**What you should do**
Go through the entries below and copy each line that holds the word "False".

-- Available records follows --

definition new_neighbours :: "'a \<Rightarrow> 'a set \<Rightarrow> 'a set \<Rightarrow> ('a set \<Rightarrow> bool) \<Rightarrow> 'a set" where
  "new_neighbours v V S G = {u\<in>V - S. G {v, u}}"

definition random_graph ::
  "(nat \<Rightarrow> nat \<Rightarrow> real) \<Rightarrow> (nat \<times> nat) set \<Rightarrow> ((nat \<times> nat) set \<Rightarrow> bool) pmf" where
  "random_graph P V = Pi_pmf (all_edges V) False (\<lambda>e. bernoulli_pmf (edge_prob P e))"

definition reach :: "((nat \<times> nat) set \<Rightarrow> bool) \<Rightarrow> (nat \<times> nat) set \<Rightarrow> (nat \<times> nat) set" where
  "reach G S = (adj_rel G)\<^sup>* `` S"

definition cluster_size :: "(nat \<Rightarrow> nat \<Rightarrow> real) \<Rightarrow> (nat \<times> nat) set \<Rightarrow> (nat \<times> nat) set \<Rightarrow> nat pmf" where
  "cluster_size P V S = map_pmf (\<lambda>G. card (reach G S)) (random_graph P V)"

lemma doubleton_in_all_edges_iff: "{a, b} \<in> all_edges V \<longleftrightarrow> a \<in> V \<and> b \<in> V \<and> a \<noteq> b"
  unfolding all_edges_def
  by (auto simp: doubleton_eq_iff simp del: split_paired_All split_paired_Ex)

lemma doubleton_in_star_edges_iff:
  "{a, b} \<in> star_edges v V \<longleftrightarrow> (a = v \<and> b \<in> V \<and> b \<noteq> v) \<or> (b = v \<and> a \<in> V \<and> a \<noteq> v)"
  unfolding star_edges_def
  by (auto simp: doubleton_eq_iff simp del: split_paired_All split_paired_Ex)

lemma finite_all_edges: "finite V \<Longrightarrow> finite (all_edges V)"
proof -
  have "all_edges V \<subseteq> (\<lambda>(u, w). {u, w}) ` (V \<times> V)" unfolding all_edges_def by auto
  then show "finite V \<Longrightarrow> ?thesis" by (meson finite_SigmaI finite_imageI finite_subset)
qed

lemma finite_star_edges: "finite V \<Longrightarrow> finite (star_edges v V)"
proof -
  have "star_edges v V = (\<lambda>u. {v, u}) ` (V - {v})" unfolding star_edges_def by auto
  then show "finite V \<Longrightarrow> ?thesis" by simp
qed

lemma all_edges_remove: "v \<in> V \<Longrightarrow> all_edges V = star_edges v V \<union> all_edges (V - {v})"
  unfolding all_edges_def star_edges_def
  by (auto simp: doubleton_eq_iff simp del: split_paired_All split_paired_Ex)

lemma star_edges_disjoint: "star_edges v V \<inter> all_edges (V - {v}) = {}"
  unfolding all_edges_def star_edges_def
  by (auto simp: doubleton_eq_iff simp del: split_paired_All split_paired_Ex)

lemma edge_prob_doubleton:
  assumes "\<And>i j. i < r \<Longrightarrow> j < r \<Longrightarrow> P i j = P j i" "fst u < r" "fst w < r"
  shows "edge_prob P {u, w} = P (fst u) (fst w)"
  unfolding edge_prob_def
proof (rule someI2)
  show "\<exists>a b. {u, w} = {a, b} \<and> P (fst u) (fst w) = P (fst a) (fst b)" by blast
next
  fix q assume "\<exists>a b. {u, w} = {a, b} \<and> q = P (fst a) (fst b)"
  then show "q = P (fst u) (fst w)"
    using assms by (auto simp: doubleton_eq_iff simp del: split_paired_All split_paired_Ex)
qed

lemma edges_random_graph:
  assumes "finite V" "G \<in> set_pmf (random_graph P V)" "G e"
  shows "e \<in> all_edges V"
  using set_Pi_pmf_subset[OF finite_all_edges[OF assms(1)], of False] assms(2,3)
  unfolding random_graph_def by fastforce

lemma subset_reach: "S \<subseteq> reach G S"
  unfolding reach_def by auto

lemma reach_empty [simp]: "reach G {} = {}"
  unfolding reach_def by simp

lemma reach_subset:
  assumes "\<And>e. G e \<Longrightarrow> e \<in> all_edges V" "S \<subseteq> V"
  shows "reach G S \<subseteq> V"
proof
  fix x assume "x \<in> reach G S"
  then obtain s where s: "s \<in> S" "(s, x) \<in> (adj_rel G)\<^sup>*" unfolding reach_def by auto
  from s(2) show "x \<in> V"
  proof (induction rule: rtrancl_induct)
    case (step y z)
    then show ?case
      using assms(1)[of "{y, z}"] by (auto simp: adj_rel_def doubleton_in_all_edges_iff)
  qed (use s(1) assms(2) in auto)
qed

-- Available records concluded --

**Exercise solution**
  "random_graph P V = Pi_pmf (all_edges V) False (\<lambda>e. bernoulli_pmf (edge_prob P e))"
  using set_Pi_pmf_subset[OF finite_all_edges[OF assms(1)], of False] assms(2,3)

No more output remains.